The thing about blasts is the intense pressure that even a mechanical explosion (overpressure versus chemical det) from pipe/cooker IEDs will hit the body with - saw a lot of broken bones (suffered from a few myself), concussions and collapsed lungs/tension pneumothorax

Another simple to use tool is a needle chest decompression pen, they even teach it to grunts now for CLS, besides massive bloodloss collapsed lungs kill the hell out of people

sent from a paper cup and string via quantum wierdness


----------



## 2centprofit (Jan 2, 2017)

RJAMES said:


> I see the IV Admin set - any IV fluid. I would keep the nasal airways but would not carry the oral. To use the oral they have to be unconscious. If you do have the CPR mask and air ways get an ambu bag to use with them.
> 
> Now days with so many explosions/ bombs I would get some tourniquets. Also add some super glue try and use it instead of staples, sewing. Sometimes the glue and stiri strips work well. Also recommend adding Oral Jell .


I have 2-3 tourniquet setups I may have forgot to mention. Thanks for the superglue suggestion.

Correct me if I'm wrong but I believe the clove oil is meant to be a toothache remedy with a similar application as oral jell. The kit does not come with IV fluids, which is good since there won't be extra weight...but kind of makes it pointless to have unless I raid a hospital after SHTF.

I had to google ambu-bag - those things look awesome. I'll have to add one to the kit. Thanks for the suggestion!

May I ask why you wouldn't carry the oral airways?



A Watchman said:


> Hang on I'll be right back ..... gotta go take care of my eye bleeding. Meanwhile post an INTRO post. You sound like you might have some good info to share here, so tell us about yourself and stick around .... or jump right on in as you say.


Intro posted.  I think I may have some ocular bandages for ya'.


----------



## 2centprofit (Jan 2, 2017)

AnotherSOFSurvivor said:


> Definitely agree with that - I was suspicious at first but seeing them in action I keep Saline Lock Kits on hand with extra 18ga caths/needles and Leur-lock syringes to flash/check for infiltration
> 
> Another simple to use tool is a needle chest decompression pen, they even teach it to grunts now for CLS, besides massive bloodloss collapsed lungs kill the hell out of people


Another awesome suggestion! Using one is a bit over my head at this point to be honest. My entire medical training comes from watching House. I've seen it done on the show a few times. I'm guessing it has to be done in a certain spot? Also could you elaborate on the first part of your post regarding checking for infiltration?
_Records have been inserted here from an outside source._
(* Let $H=(V,E)$ be a finite simple graph, let $M$ be a maximum $2$-matching of $H$, and let $(v_0,\dots,v_{2i+2};x_0,x_2,\dots,x_{2i})$ be a B-alternating path saving an object $O_0$ of $M$. Define $$M'=\bigl(M\setminus\{v_{2j+1}v_{2j+2}:0\le j\le i\}\bigr)\cup\{x_{2j}v_{2j+1}:0\le j\le i\}.$$ Then $M'$ is a maximum $2$-matching of $H$. Moreover, the number of components of $(V,M')$ that are $0$-paths or $1$-paths is exactly one less than the corresponding number for $(V,M)$.
   Context: A $2$-matching of $H$ is a set $M\subseteq E$ in which every vertex is incident to at most two edges of $M$. It is maximum if $|M|$ is as large as possible. The components of $(V,M)$ are paths and cycles. A single vertex counts as a $0$-path, and a $k$-path has $k$ edges. An object of $M$ is the vertex set of a component of $(V,M)$ that is a $0$-path or a $1$-path. A B-alternating path saving the object $O_0$ consists of pairwise distinct vertices $v_0,v_1,\dots,v_{2i+2}$ (with $i\ge 0$), together with vertices $x_0,x_2,\dots,x_{2i}$, satisfying: (1) $v_0\in O_0$ and $x_0=v_0$. (2) For each $j=1,\dots,i$ there is a component $P_j$ of $(V,M)$ that is a path with $2$, $3$ or $4$ edges, and $P_1,\dots,P_i$ are pairwise distinct. The vertex $v_{2j-1}$ is an internal vertex of $P_j$, and it is the middle vertex of $P_j$ if $P_j$ has $4$ edges. The vertex $v_{2j}$ is a neighbour of $v_{2j-1}$ on $P_j$. Let $O_j$ be the vertex set of the component of $P_j$ minus the edge $v_{2j-1}v_{2j}$ that contains $v_{2j}$. Then $x_{2j}\in O_j$. (3) $x_{2j}v_{2j+1}\in E\setminus M$ for every $j=0,\dots,i$. (4) The vertex $v_{2i+1}$ lies on a component $Q$ of $(V,M)$ different from $P_1,\dots,P_i$. The component $Q$ is either a cycle, or a path with at least $5$ edges, or a path with exactly $4$ edges of which $v_{2i+1}$ is not the middle vertex. (5) $v_{2i+1}v_{2i+2}\in M$, and if $Q$ is a path then the component of $Q$ minus the edge $v_{2i+1}v_{2i+2}$ containing $v_{2i+2}$ has at least $3$ vertices. *)

theory Defs
  imports Main
begin

definition simple_graph :: "'a set \<Rightarrow> 'a set set \<Rightarrow> bool" where
  "simple_graph V E \<longleftrightarrow> finite V \<and> (\<forall>e\<in>E. \<exists>u w. u \<in> V \<and> w \<in> V \<and> u \<noteq> w \<and> e = {u, w})"

definition two_matching :: "'a set \<Rightarrow> 'a set set \<Rightarrow> 'a set set \<Rightarrow> bool" where
  "two_matching V E M \<longleftrightarrow> M \<subseteq> E \<and> (\<forall>v\<in>V. card {e\<in>M. v \<in> e} \<le> 2)"

definition max_two_matching :: "'a set \<Rightarrow> 'a set set \<Rightarrow> 'a set set \<Rightarrow> bool" where
  "max_two_matching V E M \<longleftrightarrow> two_matching V E M \<and>
     (\<forall>M'. two_matching V E M' \<longrightarrow> card M' \<le> card M)"

definition comp :: "'a set set \<Rightarrow> 'a \<Rightarrow> 'a set" where
  "comp M v = {u. (\<lambda>a b. {a, b} \<in> M)\<^sup>*\<^sup>* v u}"

definition comps :: "'a set \<Rightarrow> 'a set set \<Rightarrow> 'a set set" where
  "comps V M = comp M ` V"

definition comp_edges :: "'a set set \<Rightarrow> 'a set \<Rightarrow> 'a set set" where
  "comp_edges M C = {e \<in> M. e \<subseteq> C}"

definition path_seq :: "'a set set \<Rightarrow> 'a set \<Rightarrow> 'a list \<Rightarrow> bool" where
  "path_seq M C ps \<longleftrightarrow> ps \<noteq> [] \<and> distinct ps \<and> set ps = C \<and>
     comp_edges M C = {{ps ! j, ps ! Suc j} | j. Suc j < length ps}"

definition is_k_path :: "'a set set \<Rightarrow> 'a set \<Rightarrow> nat \<Rightarrow> bool" where
  "is_k_path M C k \<longleftrightarrow> (\<exists>ps. path_seq M C ps \<and> length ps = k + 1)"

definition is_path :: "'a set set \<Rightarrow> 'a set \<Rightarrow> bool" where
  "is_path M C \<longleftrightarrow> (\<exists>k. is_k_path M C k)"

definition is_cycle :: "'a set set \<Rightarrow> 'a set \<Rightarrow> bool" where
  "is_cycle M C \<longleftrightarrow> (\<exists>ps. distinct ps \<and> length ps \<ge> 3 \<and> set ps = C \<and>
     comp_edges M C = {{ps ! j, ps ! ((j + 1) mod length ps)} | j. j < length ps})"

definition internal_vertex :: "'a set set \<Rightarrow> 'a set \<Rightarrow> 'a \<Rightarrow> bool" where
  "internal_vertex M C w \<longleftrightarrow>
     (\<exists>ps l. path_seq M C ps \<and> 0 < l \<and> Suc l < length ps \<and> w = ps ! l)"

definition middle_vertex :: "'a set set \<Rightarrow> 'a set \<Rightarrow> 'a \<Rightarrow> bool" where
  "middle_vertex M C w \<longleftrightarrow> (\<exists>ps. path_seq M C ps \<and> length ps = 5 \<and> w = ps ! 2)"

definition objects :: "'a set \<Rightarrow> 'a set set \<Rightarrow> 'a set set" where
  "objects V M = {C \<in> comps V M. is_k_path M C 0 \<or> is_k_path M C 1}"

(* B-alternating path (v_0..v_{2i+2}; x_0,x_2,..,x_{2i}) saving the object O0.
   P_j is the component of v_{2j-1}, Q the component of v_{2i+1}. *)
definition B_alternating_path ::
  "'a set \<Rightarrow> 'a set set \<Rightarrow> 'a set set \<Rightarrow> 'a set \<Rightarrow> nat \<Rightarrow> (nat \<Rightarrow> 'a) \<Rightarrow> (nat \<Rightarrow> 'a) \<Rightarrow> bool" where
  "B_alternating_path V E M O0 i v x \<longleftrightarrow>
     (\<forall>k\<le>2*i+2. v k \<in> V) \<and> inj_on v {0..2*i+2} \<and>
     (\<forall>j\<le>i. x (2*j) \<in> V) \<and>
     \<comment> \<open>(1)\<close>
     O0 \<in> objects V M \<and> v 0 \<in> O0 \<and> x 0 = v 0 \<and>
     \<comment> \<open>(2)\<close>
     inj_on (\<lambda>j. comp M (v (2*j - 1))) {1..i} \<and>
     (\<forall>j\<in>{1..i}.
        (is_k_path M (comp M (v (2*j - 1))) 2 \<or> is_k_path M (comp M (v (2*j - 1))) 3 \<or>
         is_k_path M (comp M (v (2*j - 1))) 4) \<and>
        internal_vertex M (comp M (v (2*j - 1))) (v (2*j - 1)) \<and>
        (is_k_path M (comp M (v (2*j - 1))) 4 \<longrightarrow>
           middle_vertex M (comp M (v (2*j - 1))) (v (2*j - 1))) \<and>
        {v (2*j - 1), v (2*j)} \<in> M \<and>
        x (2*j) \<in> comp (M - {{v (2*j - 1), v (2*j)}}) (v (2*j))) \<and>
     \<comment> \<open>(3)\<close>
     (\<forall>j\<le>i. {x (2*j), v (2*j + 1)} \<in> E - M) \<and>
     \<comment> \<open>(4)\<close>
     comp M (v (2*i + 1)) \<notin> (\<lambda>j. comp M (v (2*j - 1))) ` {1..i} \<and>
     (is_cycle M (comp M (v (2*i + 1))) \<or>
      (\<exists>k\<ge>5. is_k_path M (comp M (v (2*i + 1))) k) \<or>
      (is_k_path M (comp M (v (2*i + 1))) 4 \<and>
         \<not> middle_vertex M (comp M (v (2*i + 1))) (v (2*i + 1)))) \<and>
     \<comment> \<open>(5)\<close>
     {v (2*i + 1), v (2*i + 2)} \<in> M \<and>
     (is_path M (comp M (v (2*i + 1))) \<longrightarrow>
        card (comp (M - {{v (2*i + 1), v (2*i + 2)}}) (v (2*i + 2))) \<ge> 3)"

end

theory Submission
  imports Defs
begin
PS...I am fully aware of the laws regarding treating someone without a medical license and I would never try and treat someone other than family, outside of my comfort zone, and only if it were absolutely necessary. My lack of medical skill/ knowledge does not correlate with or equate to me being a gung-ho oh-hey-I-have-a-med-kit and now I'm a doctor idiotic thinking. (Just throwing that out there...)


----------



## AnotherSOFSurvivor (Sep 7, 2016)

2centprofit said:


> Another awesome suggestion! Using one is a bit over my head at this point to be honest. My entire medical training comes from watching House. I've seen it done on the show a few times. I'm guessing it has to be done in a certain spot? Also could you elaborate on the first part of your post regarding checking for infiltration?
> 
> PS...I am fully aware of the laws regarding treating someone without a medical license and I would never try and treat someone other than family, outside of my comfort zone, and only if it were absolutely necessary. My lack of medical skill/ knowledge does not correlate with or equate to me being a gung-ho oh-hey-I-have-a-med-kit and now I'm a doctor idiotic thinking. (Just throwing that out there...)
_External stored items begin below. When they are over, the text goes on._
(* For any Kleinian group $\Gamma$, the set $C_\Gamma=\{\psi\in\mathrm{PSL}_2\mathbb{C}\;|\;\psi\Gamma\psi^{-1}\cap\Gamma\text{ is nonelementary}\}$ is countable.
   Context: A Kleinian group is a discrete torsion-free subgroup of $\mathrm{PSL}_2\mathbb{C}$; it is elementary if its limit set has at most two points (equivalently, it is abelian), and nonelementary otherwise. *)

theory Defs
  imports "HOL-Analysis.Analysis"
begin

typedef SL2C = "{A :: complex^2^2. det A = 1}" morphisms mat_of Abs_SL2C
  by (rule exI[of _ "mat 1"]) simp

lemma det_mat_of [simp]: "det (mat_of A) = 1"
  using mat_of by auto

text \<open>Adjugate of a 2x2 matrix (the inverse when the determinant is 1).\<close>
definition adj2 :: "complex^2^2 \<Rightarrow> complex^2^2" where
  "adj2 M = vector [vector [M$2$2, - M$1$2], vector [- M$2$1, M$1$1]]"

lemma det_adj2: "det (adj2 M) = det M"
  by (simp add: adj2_def det_2 algebra_simps)

lemma adj2_neg: "adj2 (- M) = - adj2 M"
  by (simp add: adj2_def vec_eq_iff forall_2 vector_2)

lemma mat_mul_lneg: "(- A) ** (B :: complex^2^2) = - (A ** B)"
  by (simp add: matrix_matrix_mult_def vec_eq_iff sum_negf)

lemma mat_mul_rneg: "A ** (- B :: complex^2^2) = - (A ** B)"
  by (simp add: matrix_matrix_mult_def vec_eq_iff sum_negf)

definition sl2_mult :: "SL2C \<Rightarrow> SL2C \<Rightarrow> SL2C" where
  "sl2_mult A B = Abs_SL2C (mat_of A ** mat_of B)"

definition sl2_inv :: "SL2C \<Rightarrow> SL2C" where
  "sl2_inv A = Abs_SL2C (adj2 (mat_of A))"

lemma mat_of_sl2_mult: "mat_of (sl2_mult A B) = mat_of A ** mat_of B"
  unfolding sl2_mult_def by (rule Abs_SL2C_inverse) (simp add: det_mul)

lemma mat_of_sl2_inv: "mat_of (sl2_inv A) = adj2 (mat_of A)"
  unfolding sl2_inv_def by (rule Abs_SL2C_inverse) (simp add: det_adj2)

definition sl2_rel :: "SL2C \<Rightarrow> SL2C \<Rightarrow> bool" where
  "sl2_rel A B \<longleftrightarrow> mat_of A = mat_of B \<or> mat_of A = - mat_of B"

lemma equivp_sl2_rel: "equivp sl2_rel"
  by (rule equivpI) (auto simp: reflp_def symp_def transp_def sl2_rel_def)

quotient_type PSL2C = SL2C / sl2_rel
  by (rule equivp_sl2_rel)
Id suggest you look up the Army CLS manual, its not as "cool" as the latest 18D pub but it will square you away - typically the spot you stab them in is between the 2nd and 3rd rib (2nd intercoastal space?)

And infiltration means if you get a saline lock in them and miss the vein, when you flash the lock it will fill their skin with liquid...not good, you can get away with giving a doggo SubQ fluids not humans

And screw a degree if its someone you care about

sent from a paper cup and string via quantum wierdness


----------



## RJAMES (Dec 23, 2016)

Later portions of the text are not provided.